§ Your assignment: Begin at the line containing "sqrt (\<Sum>j<m. (v" in the data below and go on through the line containing "not an interval graph.", repeating each line exactly; include both ends and no other line.

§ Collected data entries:
──────────────────────────────
(* Assume $\|\mathbf X\|_{\mathrm{TV}}<C_{\mathbf X}$ and $\|\mathbf z\|<C_{\mathbf z}$ almost surely, and let $r>0$. For any $p\in\mathbb N$, $x>0$ and any fixed $\boldsymbol\theta^0_p\in B_{p,r}$, $$\mathbb P\left(\sup_{\boldsymbol\theta_p\in B_{p,r}}Z_{p,n}(\boldsymbol\theta_p)\ge108Cr\sqrt{\frac{s_d(p)+q}{n}}\sqrt\pi+Z_{p,n}(\boldsymbol\theta^0_p)+x\right)\le36\exp\left(-\frac{x^2n}{144C^2r^2}\right),$$ where $C=2(C_{\mathbf z}+e^{C_{\mathbf X}+T})$ and $Z_{p,n}(\boldsymbol\theta_p)=\widehat{\mathcal R}_{p,n}(\boldsymbol\theta_p)-\mathcal R_p(\boldsymbol\theta_p)$.
   Context: Let $T>0$, integers $d\ge2$, $q\ge1$. $(\mathbf X,\mathbf z,y)$ is a random triple with $\mathbf X:[0,T]\to\mathbb R^{d-1}$ a continuous bounded-variation path with fixed initial value, $\mathbf z\in\mathbb R^q$, $y\in\{0,1\}$; $\|\mathbf X\|_{\mathrm{TV}}=\sup\sum_i\|\mathbf X_{t_{i+1}}-\mathbf X_{t_i}\|$ over partitions of $[0,T]$. Time augmentation $\widetilde{\mathbf X}(t)=(\mathbf X(t),t)\in\mathbb R^d$; signature terms $S^I(\widetilde{\mathbf X})=\int_{0<t_1<\dots<t_k<T}d\widetilde X^{i_1}_{t_1}\cdots d\widetilde X^{i_k}_{t_k}$ ($I\in\{1,..,d\}^k$, empty $I$ gives 1); truncated signature $S_p(\widetilde{\mathbf X})=(S^I)_{|I|\le p}\in\mathbb R^{s_d(p)}$, $s_d(p)=\sum_{k=0}^pd^k$; $\widetilde{\mathbf S}_p(\widetilde{\mathbf X},\mathbf z)=(S_p(\widetilde{\mathbf X})^\top,\mathbf z^\top)^\top$. Logistic loss $\ell(y,\eta)=-y\eta+\log(1+e^\eta)$; $\mathcal R_p(\boldsymbol\theta_p)=\mathbb E[\ell(y,\widetilde{\mathbf S}_p^\top\boldsymbol\theta_p)]$; $B_{p,r}=\{\boldsymbol\theta\in\mathbb R^{s_d(p)+q}:\|\boldsymbol\theta\|_1\le r\}$. Data $(\mathbf X_i,\mathbf z_i,y_i)_{i=1}^n$ i.i.d. copies; $\widehat{\mathcal R}_{p,n}(\boldsymbol\theta_p)=\frac1n\sum_i\ell(y_i,\widetilde{\mathbf S}_p(\widetilde{\mathbf X}_i,\mathbf z_i)^\top\boldsymbol\theta_p)$. *)

theory Defs
  imports "HOL-Probability.Probability"
begin

definition has_RS_integral :: "(real \<Rightarrow> real) \<Rightarrow> (real \<Rightarrow> real) \<Rightarrow> real \<Rightarrow> real \<Rightarrow> real \<Rightarrow> bool" where
  "has_RS_integral f g a b I \<longleftrightarrow>
     (\<forall>\<epsilon>>0. \<exists>\<delta>>0. \<forall>(m::nat) (t::nat \<Rightarrow> real) (s::nat \<Rightarrow> real).
        t 0 = a \<and> t m = b \<and> (\<forall>i<m. t i \<le> s i \<and> s i \<le> t (Suc i) \<and> t (Suc i) - t i < \<delta>)
        \<longrightarrow> \<bar>(\<Sum>i<m. f (s i) * (g (t (Suc i)) - g (t i))) - I\<bar> < \<epsilon>)"

definition RS_integral :: "(real \<Rightarrow> real) \<Rightarrow> (real \<Rightarrow> real) \<Rightarrow> real \<Rightarrow> real \<Rightarrow> real" where
  "RS_integral f g a b = (THE I. has_RS_integral f g a b I)"

text \<open>Iterated integrals of a path Y (coordinates indexed by nat) on [0,t],
indexed by the REVERSED word: sig_rev Y (i # J) t = int_0^t sig_rev Y J s dY^i_s.\<close>
fun sig_rev :: "(real \<Rightarrow> nat \<Rightarrow> real) \<Rightarrow> nat list \<Rightarrow> real \<Rightarrow> real" where
  "sig_rev Y [] t = 1"
| "sig_rev Y (i # J) t = RS_integral (\<lambda>s. sig_rev Y J s) (\<lambda>s. Y s i) 0 t"

text \<open>Signature term S^I(Y) on [0,T] (coordinates 0-based).\<close>
definition sig_term :: "(real \<Rightarrow> nat \<Rightarrow> real) \<Rightarrow> real \<Rightarrow> nat list \<Rightarrow> real" where
  "sig_term Y T I = sig_rev Y (rev I) T"

definition time_aug :: "nat \<Rightarrow> (real \<Rightarrow> nat \<Rightarrow> real) \<Rightarrow> real \<Rightarrow> nat \<Rightarrow> real" where
  "time_aug d X t j = (if j < d - 1 then X t j else t)"

definition words :: "nat \<Rightarrow> nat \<Rightarrow> nat list set" where
  "words d p = {I. length I \<le> p \<and> set I \<subseteq> {..<d}}"

definition feat_idx :: "nat \<Rightarrow> nat \<Rightarrow> nat \<Rightarrow> (nat list + nat) set" where
  "feat_idx d p q = Inl ` words d p \<union> Inr ` {..<q}"

definition feature :: "nat \<Rightarrow> real \<Rightarrow> (real \<Rightarrow> nat \<Rightarrow> real) \<Rightarrow> (nat \<Rightarrow> real) \<Rightarrow> nat list + nat \<Rightarrow> real" where
  "feature d T X z v = (case v of Inl I \<Rightarrow> sig_term (time_aug d X) T I | Inr j \<Rightarrow> z j)"

definition lin_pred :: "nat \<Rightarrow> nat \<Rightarrow> nat \<Rightarrow> real \<Rightarrow> (real \<Rightarrow> nat \<Rightarrow> real) \<Rightarrow> (nat \<Rightarrow> real) \<Rightarrow> (nat list + nat \<Rightarrow> real) \<Rightarrow> real" where
  "lin_pred d p q T X z \<theta> = (\<Sum>v\<in>feat_idx d p q. \<theta> v * feature d T X z v)"

definition l1_norm :: "nat \<Rightarrow> nat \<Rightarrow> nat \<Rightarrow> (nat list + nat \<Rightarrow> real) \<Rightarrow> real" where
  "l1_norm d p q \<theta> = (\<Sum>v\<in>feat_idx d p q. \<bar>\<theta> v\<bar>)"

text \<open>B_{p,r}: parameter vectors in R^{s_d(p)+q} (functions supported on the index set).\<close>
definition l1_ball :: "nat \<Rightarrow> nat \<Rightarrow> nat \<Rightarrow> real \<Rightarrow> (nat list + nat \<Rightarrow> real) set" where
  "l1_ball d p q r = {\<theta>. (\<forall>v. v \<notin> feat_idx d p q \<longrightarrow> \<theta> v = 0) \<and> l1_norm d p q \<theta> \<le> r}"

definition s_d :: "nat \<Rightarrow> nat \<Rightarrow> nat" where
  "s_d d p = (\<Sum>k\<le>p. d ^ k)"

definition logistic_loss :: "real \<Rightarrow> real \<Rightarrow> real" where
  "logistic_loss y \<eta> = - y * \<eta> + ln (1 + exp \<eta>)"

definition euclid_norm :: "nat \<Rightarrow> (nat \<Rightarrow> real) \<Rightarrow> real" where
  "euclid_norm m v = sqrt (\<Sum>j<m. (v j)\<^sup>2)"

definition variation_sums :: "nat \<Rightarrow> (real \<Rightarrow> nat \<Rightarrow> real) \<Rightarrow> real \<Rightarrow> real set" where
  "variation_sums m X T =
     {(\<Sum>i<k. euclid_norm m (\<lambda>j. X (t (Suc i)) j - X (t i) j)) | k t.
        t 0 = 0 \<and> t k = T \<and> (\<forall>i<k. t i \<le> t (Suc i))}"

definition total_variation :: "nat \<Rightarrow> (real \<Rightarrow> nat \<Rightarrow> real) \<Rightarrow> real \<Rightarrow> real" where
  "total_variation m X T = Sup (variation_sums m X T)"
(* Let $\mathcal{T}$ be an MPQ-tree of an interval graph $G=(V,E)$ and let $x\neq y$ be vertices with $node(x)=node(y)=P$, where $P$ is a P-node that is not a leaf of $\mathcal{T}$. Then $(x,y)$ is not an interval edge, i.e. $G-(x,y)$ is not an interval graph.
   Context: Graphs are finite and simple; for $G=(V,E)$ and $e\in E$, $G-e=(V,E\setminus\{e\})$. An edge $(x,y)\in E$ of an interval graph $G$ is an interval edge if $G-(x,y)$ is an interval graph. An MPQ-tree of an interval graph $G=(V,E)$, $V=\{1,\dots,n\}$, is a rooted plane tree whose nodes are P-nodes and Q-nodes. Each P-node carries a (possibly empty) set of vertices. A Q-node has $k\ge 3$ ordered positions $1,\dots,k$; position $i$ carries a set $S_i\subseteq V$ (the $i$-th section) and a child subtree $T_i$, which may be empty. Every vertex $v$ is assigned to exactly one node $node(v)$: either $v$ lies in the set of the P-node $node(v)$, or $node(v)$ is a Q-node and $v$ lies exactly in the sections $S_{l(v)},S_{l(v)+1},\dots,S_{r(v)}$ of it, with $l(v)<r(v)$. For a node with child subtrees $T_1,\dots,T_k$, $V_i$ denotes the set of vertices assigned to nodes of $T_i$ ($V_i=\emptyset$ if $T_i$ is empty). The maximal cliques of $G$ are in bijection with the descending paths from the root which at a P-node continue into one of its children (stopping if there is none) and at a Q-node choose a position $i$ and continue into $T_i$ (stopping if $T_i$ is empty); the clique is the union of the sets of the visited P-nodes and the chosen sections. Reading these cliques left to right gives a linear order of the maximal cliques, and the orders obtained this way after arbitrarily permuting children of P-nodes and reversing the positions of Q-nodes are exactly the orders of the maximal cliques of $G$ in which the cliques containing any fixed vertex are consecutive. Moreover, for every Q-node with sections $S_1,\dots,S_k$: (a) $V_1\neq\emptyset$ and $V_k\ne\emptyset$; (b) $S_1\subseteq S_2$ and $S_k\subseteq S_{k-1}$; (c) $S_{i-1}\cap S_i\neq\emptyset$ for $2\le i\le k$; (d) $S_{i-1}\neq S_i$ for $2\le i\le k$; (e) $(S_i\cap S_{i+1})\setminus S_1\neq\emptyset$ and $(S_{i-1}\cap S_i)\setminus S_k\neq\emptyset$ for $2\le i\le k-1$; (f) $(S_{i-1}\cup V_{i-1})\setminus S_i\neq\emptyset$ and $(S_i\cup V_i)\setminus S_{i-1}\neq\emptyset$ for $2\le i\le k$; and further (g) no empty P-node has an empty P-node as its parent, (h) no P-node has exactly one child whose root is a P-node, (i) every child subtree of a P-node is nonempty. *)

theory Defs
  imports Complex_Main "HOL-Library.Multiset"
begin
──────────────────────────────
§ Written solution:
  "euclid_norm m v = sqrt (\<Sum>j<m. (v j)\<^sup>2)"

definition variation_sums :: "nat \<Rightarrow> (real \<Rightarrow> nat \<Rightarrow> real) \<Rightarrow> real \<Rightarrow> real set" where
  "variation_sums m X T =
     {(\<Sum>i<k. euclid_norm m (\<lambda>j. X (t (Suc i)) j - X (t i) j)) | k t.
        t 0 = 0 \<and> t k = T \<and> (\<forall>i<k. t i \<le> t (Suc i))}"

definition total_variation :: "nat \<Rightarrow> (real \<Rightarrow> nat \<Rightarrow> real) \<Rightarrow> real \<Rightarrow> real" where
  "total_variation m X T = Sup (variation_sums m X T)"
(* Let $\mathcal{T}$ be an MPQ-tree of an interval graph $G=(V,E)$ and let $x\neq y$ be vertices with $node(x)=node(y)=P$, where $P$ is a P-node that is not a leaf of $\mathcal{T}$. Then $(x,y)$ is not an interval edge, i.e. $G-(x,y)$ is not an interval graph.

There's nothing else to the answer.